Tuesday, March 21, 2017

John 17:1-5



       For four chapters Jesus has been talking to His disciples.  As an essential part of His provision for His disciples, and for us, He now lifted up His eyes to heaven (v1).  What is before us has sometimes been called “the real Lord’s prayer”.  It is the intercessory prayer of the High Priest who forever intercedes for the believers (Heb. 4:14-16).  It is the prayer of our Mediator (1 Tim. 2:5) wherein He touches both God and man.
            Matthew Henry called it “the most remarkable prayer following the most full and consoling discourse ever uttered on earth.”  Luther concludes, “It sounds so honest, so simple; it is so deep, so rich, so wide, no one can fathom it.”
            John Knox, the eminent Scottish Reformer, had this chapter read to him every day during his last illness, and in the closing scene, the verses that were read from it consoled and animated him in the final conflict,
            Bishop Ryle says the chapter “is the most remarkable in the Bible.  It stands alone and there is nothing like it.”
            The layout of the prayer is simple.  Jesus prays for Himself (v1-5), for His disciples (v6-9), and then for us (v20-26).  What He prays is profound.  In essence Jesus now prays for what He has promised in the previous discourse.
            In John 13:31-32 Jesus had announced, “Now is the Son of Man glorified”.  He now prays for this:  “Glorify Your Son” (17:1).  He is praying that the Father will now honor Him as He comes to the deepest humiliation of His incarnate life.  This prayer is valid for several reasons.

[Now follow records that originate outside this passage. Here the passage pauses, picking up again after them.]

lemma ideal_graph_mult_gram_aug_mat:
  assumes A: "A \<in> carrier_mat p n" and F: "F \<in> carrier_mat K n"
    and mean: "A *\<^sub>v vec n (\<lambda>_. 1) = 0\<^sub>v p" and beta: "0 \<le> beta_of A"
    and ideal: "\<forall>i<n. \<forall>j<n. col F i \<noteq> col F j \<longrightarrow> ((aug_mat A)\<^sup>T * aug_mat A) $$ (i,j) = 0"
  shows "F * ((aug_mat A)\<^sup>T * aug_mat A) = (real n * beta_of A) \<cdot>\<^sub>m F"
proof (rule mult_eq_smult_of_col_sums[OF F])
  show "(aug_mat A)\<^sup>T * aug_mat A \<in> carrier_mat n n" using aug_mat_carrier[OF A] by auto
  show "col F i = col F j" if "i < n" "j < n" "((aug_mat A)\<^sup>T * aug_mat A) $$ (i, j) \<noteq> 0" for i j
    using ideal that by blast
  show "(\<Sum>i<n. ((aug_mat A)\<^sup>T * aug_mat A) $$ (i, j)) = real n * beta_of A" if "j < n" for j
    by (rule sum_col_gram_aug_mat[OF A mean beta that])
qed

lemma beta_of_eq_Min:
  "beta_of A = - Min ((\<lambda>(i, j). col A i \<bullet> col A j) ` ({..<dim_col A} \<times> {..<dim_col A}))"
proof -
  have "{(A\<^sup>T * A) $$ (i, j) | i j. i < dim_col A \<and> j < dim_col A}
      = (\<lambda>(i, j). col A i \<bullet> col A j) ` ({..<dim_col A} \<times> {..<dim_col A})"
    by force
  then show ?thesis unfolding beta_of_def by simp
qed
definition qform :: "('a \<Rightarrow> complex) \<Rightarrow> real" where "qform u = Re (ell2_inner (T u) u)"

lemma Re_ell2_inner_shifted:
  "u \<in> ell2_on A \<Longrightarrow> Re (ell2_inner (shifted A (complex_of_real t) u) u) = qform u - t * (ell2_norm u)^2"
proof -
  assume u: "u \<in> ell2_on A"
  have l: "square_summable (zero_outside A (T u))" "square_summable u"
    using zero_outside_ell2(1) ell2_on_square_summable T_ell2_on[OF u] u by blast+
  have "ell2_inner (shifted A (complex_of_real t) u) u
      = ell2_inner (zero_outside A (T u)) u - complex_of_real t * ell2_inner u u"
    unfolding shifted_def using l
      by (simp add: ell2_inner_diff_left ell2_inner_scale_left ell2_scale)
  then show ?thesis using ell2_inner_zero_outside_T[OF u] ell2_inner_self[OF l(2)]
    by (simp add: qform_def)
qed

definition form_inf :: "'a set \<Rightarrow> real" where
  "form_inf A = Inf (qform ` {u \<in> ell2_on A. ell2_norm u = 1})"

lemma abs_qform_le: "u \<in> ell2_on A \<Longrightarrow> \<bar>qform u\<bar> \<le> K * (ell2_norm u)^2"
proof -
  assume u: "u \<in> ell2_on A"
  have uU: "u \<in> ell2_on UNIV" using ell2_on_mono[OF subset_UNIV u] .
  have "\<bar>qform u\<bar> \<le> cmod (ell2_inner (T u) u)" unfolding qform_def by (rule abs_Re_le_cmod)
  also have "\<dots> \<le> ell2_norm (T u) * ell2_norm u"
    using ell2_inner_Cauchy_Schwarz ell2_on_square_summable T_ell2_on[OF u] u by blast
  also have "\<dots> \<le> K * ell2_norm u * ell2_norm u"
    using norm_bounded_onD[OF norm_bounded_T uU] by (simp add: mult_right_mono ell2_norm_nonneg)
  finally show ?thesis by (simp add: power2_eq_square mult.assoc)
qed

lemma qform_scale: "u \<in> ell2_on A \<Longrightarrow> qform (\<lambda>x. complex_of_real r * u x) = r^2 * qform u"
proof -
  assume u: "u \<in> ell2_on A"
  have uU: "u \<in> ell2_on UNIV" using ell2_on_mono[OF subset_UNIV u] .
  have l: "square_summable u" "square_summable (T u)" using ell2_on_square_summable T_ell2_on u
    by blast+
  show ?thesis unfolding qform_def linear_on_scale[OF linear_T uU] using l
    by (simp add: ell2_inner_scale_left ell2_inner_scale_right ell2_scale power2_eq_square)
qed

lemma unit_sphere_nonempty: "(A::'a set) \<noteq> {} \<Longrightarrow> {u \<in> ell2_on A. ell2_norm u = 1} \<noteq> {}"
proof -
  assume "A \<noteq> {}"
  then obtain a where a: "a \<in> A" by blast
  then have "unit_vec a \<in> {u \<in> ell2_on A. ell2_norm u = 1}"
    using unit_vec_ell2_on[OF a] ell2_norm_unit_vec by simp
  then show ?thesis by blast
qed

lemma bdd_below_qform: "bdd_below (qform ` {u \<in> ell2_on A. ell2_norm u = 1})"
proof (rule bdd_belowI2)
  fix u assume "u \<in> {u \<in> ell2_on A. ell2_norm u = 1}"
  then show "- K \<le> qform u" using abs_qform_le[of u A] by auto
qed

lemma form_inf_le_qform: "u \<in> ell2_on A \<Longrightarrow> ell2_norm u = 1 \<Longrightarrow> form_inf A \<le> qform u"
  unfolding form_inf_def by (rule cInf_lower) (auto intro: bdd_below_qform)

lemma form_inf_le: "A \<noteq> {} \<Longrightarrow> form_inf A \<le> K"
proof -
  assume "A \<noteq> {}"
  then obtain a where a: "a \<in> A" by blast
  have "form_inf A \<le> qform (unit_vec a)"
    by (rule form_inf_le_qform[OF unit_vec_ell2_on[OF a] ell2_norm_unit_vec])
  also have "\<dots> \<le> K" using abs_qform_le[OF unit_vec_ell2_on[OF a]]
    by (simp add: ell2_norm_unit_vec abs_le_iff)
  finally show ?thesis .
qed

lemma form_inf_approx: "A \<noteq> {} \<Longrightarrow> e > 0 \<Longrightarrow> \<exists>u\<in>ell2_on A. ell2_norm u = 1 \<and> qform u < form_inf A + e"
proof -
  assume A: "A \<noteq> {}" and e: "e > 0"
  have ne: "qform ` {u \<in> ell2_on A. ell2_norm u = 1} \<noteq> {}" using unit_sphere_nonempty[OF A] by blast
  have "\<exists>y\<in>qform ` {u \<in> ell2_on A. ell2_norm u = 1}. y < form_inf A + e"
    using cInf_lessD[OF ne, of "form_inf A + e"] e unfolding form_inf_def by simp
  then show ?thesis by auto
qed

lemma form_inf_mult_le_qform: "u \<in> ell2_on A \<Longrightarrow> qform u \<ge> form_inf A * (ell2_norm u)^2"
proof (cases "ell2_norm u = 0")
  case True
  assume u: "u \<in> ell2_on A"
  then have "u = (\<lambda>x. 0)" using ell2_norm_eq_0D ell2_on_square_summable True by blast
  then have "qform u = 0" using linear_on_scale[OF linear_T ell2_on_zero, of 0]
    by (simp add: qform_def ell2_inner_def)
  then show ?thesis using True by simp
next
  case False
  assume u: "u \<in> ell2_on A"
  define n where "n = ell2_norm u"
  have np: "n > 0" using False ell2_norm_nonneg[of u] n_def by linarith
  define w where "w = (\<lambda>x. complex_of_real (1/n) * u x)"
  have w: "w \<in> ell2_on A" unfolding w_def using ell2_on_scale[OF u] .
  have "ell2_norm w = cmod (complex_of_real (1/n)) * ell2_norm u"
    unfolding w_def by (rule ell2_scale(2)[OF ell2_on_square_summable[OF u]])
  then have wn: "ell2_norm w = 1" using np n_def by (simp add: norm_divide)
  have "form_inf A \<le> qform w" by (rule form_inf_le_qform[OF w wn])
  also have "\<dots> = qform u / n^2" unfolding w_def qform_scale[OF u] by (simp add: power2_eq_square)
  finally show ?thesis using np by (simp add: n_def field_simps)
qed

lemma form_inf_mono:
  assumes "A \<noteq> {}" "A \<subseteq> A'"
  shows "form_inf A' \<le> form_inf A"
  unfolding form_inf_def
proof (rule cInf_superset_mono)
  show "qform ` {u \<in> ell2_on A. ell2_norm u = 1} \<noteq> {}" using unit_sphere_nonempty[OF assms(1)]
    by blast
  show "qform ` {u \<in> ell2_on A. ell2_norm u = 1} \<subseteq> qform ` {u \<in> ell2_on A'. ell2_norm u = 1}"
    using ell2_on_mono[OF assms(2)] by blast
qed (rule bdd_below_qform)

lemma shifted_norm_power2_le:
  assumes u: "u \<in> ell2_on A" and m: "m \<le> form_inf A"
  shows "(ell2_norm (shifted A (complex_of_real m) u))^2 \<le> (K + \<bar>m\<bar>) * (qform u - m * (ell2_norm u)^2)"
proof -
  have "Re (ell2_inner (shifted A (complex_of_real m) w) w) \<ge> 0" if w: "w \<in> ell2_on A" for w
    unfolding Re_ell2_inner_shifted[OF w] using form_inf_mult_le_qform[OF w] m
    by (smt (verit) mult_right_mono zero_le_power2)
  from nonneg_hermitian_norm_power2_le[OF linear_shifted norm_bounded_shifted hermitian_shifted this u]
  show ?thesis unfolding Re_ell2_inner_shifted[OF u] by simp
qed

            1. For the Father to glorify the Son will enable the Son to glorify the Father (v1).  Jesus is not being selfish in this request.  He has lived His earthly life for the glory of the Father and this is no different.

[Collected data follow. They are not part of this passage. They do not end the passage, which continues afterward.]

lemma truncated_weight_factor_le:
  assumes pq: "(p, q) \<in> Qset (m - 1) r" and P: "pp \<le> p" "q \<le> qq" "qq \<le> m"
    and t: "x qq - x pp \<le> t" "t \<le> 2 * (x m - x 0)"
  shows "Lambda_denom x m pp qq * min t (dpq x (m - 1) p q) ^ (k - (q - p - r + 1))
      * t ^ (qq - pp - r + 1)
    \<le> 2 ^ (k + 1) * (x m - x 0) * Lambda_denom x (m - 1) p q * t ^ k"
proof -
  define b where "b = dpq x (m - 1) p q"
  define \<rho> where "\<rho> = (b + t) / b"
  have pq': "p + r + 1 \<le> q" "q < m" using pq k_ge_2 m_eq by (auto simp: Qset_def)
  have "0 < x q - x p" using Qset_less[OF pq] by simp
  then have b_pos: "0 < b" using dpq_ge[OF pq] by (simp add: b_def)
  have t_pos: "0 < t" using t knot_le[of pp p] knot_le[of q qq] P pq' \<open>0 < x q - x p\<close> by linarith
  note \<rho> = growth_factor[OF b_pos t_pos, folded \<rho>_def]
  have Dn_nonneg: "0 \<le> Lambda_denom x m pp qq"
    using Lambda_denom_pos[of pp qq m] P pq' by (simp add: Qset_def)
  have Do_nonneg: "0 \<le> Lambda_denom x (m - 1) p q" using Lambda_denom_pos[OF pq] by simp
  have b_left: "b \<le> x q - x i" if "i < p" for i
    using dpq_le_left[OF pq _ that] by (simp add: b_def)
  have b_right: "b \<le> x i - x p" if "q < i" "i < m" for i
    using dpq_le_right[OF pq _ that(1)] that by (simp add: b_def)
  note ratio = Lambda_denom_ratio_le[OF pq P t(1) b_pos b_left b_right \<rho>(1,2)]
  show ?thesis
  proof (cases "qq < m")
    case True
    define w where "w = pp + (m - 1 - qq)"
    have exps: "k - (q - p - r + 1) = ((p - pp) + (qq - q)) + w" "(qq - pp - r + 1) + w = k"
      using P pq' True m_eq by (simp_all add: w_def)
    have "Lambda_denom x m pp qq * b ^ ((p - pp) + (qq - q))
        \<le> (x m - x 0) * \<rho> ^ w * Lambda_denom x (m - 1) p q"
      using ratio(1) True unfolding w_def by blast
    then have "Lambda_denom x m pp qq * min t b ^ (k - (q - p - r + 1))
        \<le> (x m - x 0) * (2 * t) ^ w * Lambda_denom x (m - 1) p q"
      unfolding exps(1) using b_pos t_pos span_pos
      by (intro min_power_mult_le[OF _ _ \<rho>(1,3) Dn_nonneg _ Do_nonneg]) auto
    then have "Lambda_denom x m pp qq * min t b ^ (k - (q - p - r + 1)) * t ^ (qq - pp - r + 1)
        \<le> (x m - x 0) * 2 ^ w * Lambda_denom x (m - 1) p q * t ^ k"
      using t_pos
      by (auto simp: exps(2)[symmetric] power_add power_mult_distrib ac_simps intro: mult_right_mono)
    also have "\<dots> \<le> 2 ^ (k + 1) * (x m - x 0) * Lambda_denom x (m - 1) p q * t ^ k"
    proof -
      have "(2::real) ^ w \<le> 2 ^ (k + 1)"
        using P pq' True m_eq by (intro power_increasing) (auto simp: w_def)
      from mult_right_mono[OF this, of "(x m - x 0) * Lambda_denom x (m - 1) p q * t ^ k"]
      show ?thesis using span_pos Do_nonneg t_pos by (simp add: ac_simps)
    qed
    finally show ?thesis by (simp add: b_def)
  next
    case False
    then have "qq = m" using P by simp
    have exps: "k - (q - p - r + 1) = ((p - pp) + (m - 1 - q)) + pp" "(qq - pp - r + 1) + pp = k + 1"
      using P pq' \<open>qq = m\<close> m_eq by simp_all
    have "Lambda_denom x m pp qq * b ^ ((p - pp) + (m - 1 - q))
        \<le> 1 * \<rho> ^ pp * Lambda_denom x (m - 1) p q"
      using ratio(2) \<open>qq = m\<close> by blast
    then have "Lambda_denom x m pp qq * min t b ^ (k - (q - p - r + 1))
        \<le> 1 * (2 * t) ^ pp * Lambda_denom x (m - 1) p q"
      unfolding exps(1) using b_pos t_pos
      by (intro min_power_mult_le[OF _ _ \<rho>(1,3) Dn_nonneg _ Do_nonneg]) auto
    then have "Lambda_denom x m pp qq * min t b ^ (k - (q - p - r + 1)) * t ^ (qq - pp - r + 1)
        \<le> 2 ^ pp * Lambda_denom x (m - 1) p q * (t ^ (qq - pp - r + 1) * t ^ pp)"
      using t_pos by (auto simp: power_mult_distrib ac_simps intro: mult_right_mono)
    also have "\<dots> = 2 ^ pp * Lambda_denom x (m - 1) p q * t ^ k * t"
      by (simp only: power_add[symmetric] exps(2)) simp
    also have "\<dots> \<le> 2 ^ pp * Lambda_denom x (m - 1) p q * t ^ k * (2 * (x m - x 0))"
      using t Do_nonneg t_pos by (intro mult_left_mono) auto
    also have "\<dots> = 2 ^ (pp + 1) * ((x m - x 0) * Lambda_denom x (m - 1) p q * t ^ k)"
      by (simp add: mult_ac)
    also have "\<dots> \<le> 2 ^ (k + 1) * ((x m - x 0) * Lambda_denom x (m - 1) p q * t ^ k)"
      using P pq' m_eq span_pos Do_nonneg t_pos by (intro mult_right_mono power_increasing) auto
    finally show ?thesis by (simp add: b_def mult_ac)
  qed
qed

            2. For the Father to glorify the Son is to fulfill the will of the Father (v2-3).  The plan of salvation is God’s will set from eternity past.  In that plan the Father would grant eternal life through the work of His Son.  Christ’s death would be required to pay the price of redemption and to satisfy the Father’s holiness (Rom. 3:21-26).  Thus He prays to be glorified that He might have this authority to give life to all the Father gives Him.
            3. For the Father to glorify the Son is to acknowledge the earthly life of the Son (v4).  Christ says He has finished the work God the Father gave Him to do.  There is a principle in Scripture that God humbles the proud and exalts the humble (Psalm 75).  A study of Phil. 2:5-11 shows this worked out in Christ.  He left heaven, humbling Himself, even to death on the cross.  We then read:  Wherefore God has highly exalted Him.  Christ is merely praying that God do as He promised.
            4. For the Father to glorify the Son is to return Christ to the glory He deserves (v5).  That same Philippians passage says Christ did not consider it robbery to be equal with God (Phil. 2:6).  Christ is God come in the flesh.  Yet even in this He submits Himself to His Father, requesting to be glorified. 
            Let us bow in humble worship of this One Who humbled Himself and died for us that He might have authority to grant eternal life.  This is the glorified Son of God.